To find the absolute maximum and minimum values of the function f(x, y) = xy^2 + 5 on the set D, we will follow these steps:
Step 1: Determine the critical points of f(x, y) within the given domain D. These are the points where the gradient of f(x, y) is zero or undefined.

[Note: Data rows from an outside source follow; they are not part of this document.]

text \<open>The configuration in normal position (p(1) = 0 and p(4) = q on the positive real axis)
  determined by the diagonals z = (r, q) and the orientations e1, e2, e3 of the three
  triangles.\<close>
definition normal_conf ::
    "real \<Rightarrow> real \<Rightarrow> real \<Rightarrow> real \<Rightarrow> real \<Rightarrow> real \<Rightarrow> real \<times> real \<Rightarrow> nat \<Rightarrow> complex" where
  "normal_conf L s x e1 e2 e3 z i =
     (if i = 1 then 0
      else if i = 2 then (apex (fst z) s (snd z) e2 / of_real (fst z)) * apex L s (fst z) e1
      else if i = 3 then apex (fst z) s (snd z) e2
      else if i = 4 then of_real (snd z)
      else if i = 5 then apex x s (snd z) e3
      else undefined)"

lemma convex_diagonals: "convex (diagonals L s x)"
proof -
  have "diagonals L s x =
      {z. (-1, 0) \<bullet> z \<le> s - L} \<inter> {z. (1, 0) \<bullet> z \<le> L + s} \<inter> {z. (1, -1) \<bullet> z \<le> s} \<inter>
      {z. (-1, 1) \<bullet> z \<le> s} \<inter> {z. (0, -1) \<bullet> z \<le> - \<bar>x - s\<bar>} \<inter> {z. (0, 1) \<bullet> z \<le> x + s}"
    unfolding diagonals_def by (auto simp: inner_Pair)
  then show ?thesis
    by (simp add: convex_Int convex_halfspace_le)
qed

definition normal_fiber :: "real \<Rightarrow> real \<Rightarrow> real \<Rightarrow> (nat \<Rightarrow> complex) set" where
  "normal_fiber L s x =
     (\<Union>e1\<in>{-1, 1}. \<Union>e2\<in>{-1, 1}. \<Union>e3\<in>{-1, 1}. normal_conf L s x e1 e2 e3 ` diagonals L s x)"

First, find the partial derivatives of f(x, y) with respect to x and y:
∂f/∂x = y^2
∂f/∂y = 2xy
Setting each partial derivative equal to zero and solving for x and y, we get:
y^2 = 0 (from ∂f/∂x = 0)
=> y = 0
2xy = 0 (from ∂f/∂y = 0)
=> x = 0 or y = 0
The critical points are (0, 0) and any points on the x-axis or y-axis that lie within the domain D.
Step 2: Evaluate the function f(x, y) at the critical points and boundary points of D.
Let's consider the boundary of D, which is described by the equation x^2 + y^2 = 3. We can parameterize this boundary by letting:
x = √(3)cosθ
y = √(3)sinθ
where θ is an angle between 0 and 2π.
Now substitute these values of x and y into f(x, y):
f(√(3)cosθ, √(3)sinθ) = (√(3)cosθ)(√(3)sinθ)^2 + 5
= 3cosθsin^2θ + 5
Step 3: Identify the maximum and minimum values of f(x, y) by comparing the values obtained from critical points and boundary points.
Let's evaluate f(x, y) at the critical point (0, 0):
f(0, 0) = (0)(0^2) + 5
= 5
Now, evaluate f(x, y) at the boundary points:
f(√(3)cosθ, √(3)sinθ) = 3cosθsin^2θ + 5
To find the maximum and minimum values of f(x, y) on the boundary, we can analyze the function 3cosθsin^2θ. Since this function is periodic with period π, we only need to consider values of θ between 0 and π.
We take the derivative of the function with respect to θ:
d/dθ (3cosθsin^2θ) = 3cosθ[2sinθcosθ] = 6cosθsinθcosθ = 3sin2θcosθ
Setting the derivative equal to zero and solving for θ, we get:
3sin2θcosθ = 0
sin2θcosθ = 0
From this equation, the critical points occur when sin2θ = 0 or cosθ = 0.
When sin2θ = 0:
2θ = 0 or π, leading to θ = 0 or π/2
When cosθ = 0:
θ = π/2 or 3π/2
These critical points correspond to the values of θ for which the function 3cosθsin^2θ is at a maximum or minimum.
Now we evaluate f(x, y) at these critical points using the expression:
f(√(3)cosθ, √(3)sinθ) = 3cosθsin^2θ + 5
For θ = 0:
f(√(3)cos0, √(3)sin0) = 3cos0sin^20 + 5
= 0 + 5
= 5
For θ = π/2:
f(√(3)cos(π/2), √(3)sin(π/2)) = 3cos(π/2)sin^2(π/2) + 5
= 0 + 5
= 5
For θ = π:
f(√(3)cosπ, √(3)sinπ) = 3cosπsin^2π + 5
= 0 + 5
= 5
For θ = 3π/2:
f(√(3)cos(3π/2), √(3)sin(3π/2)) = 3cos(3π/2)sin^2(3π/2) + 5
= 0 + 5
= 5
The maximum value of f(x, y) occurs at the points (0, 0) and on the boundary of D, where f(x, y) = 5. The minimum value of f(x, y) is also 5 on the entire set D.
Therefore, the absolute maximum value of f on the set D is 5, and the absolute minimum value is also 5.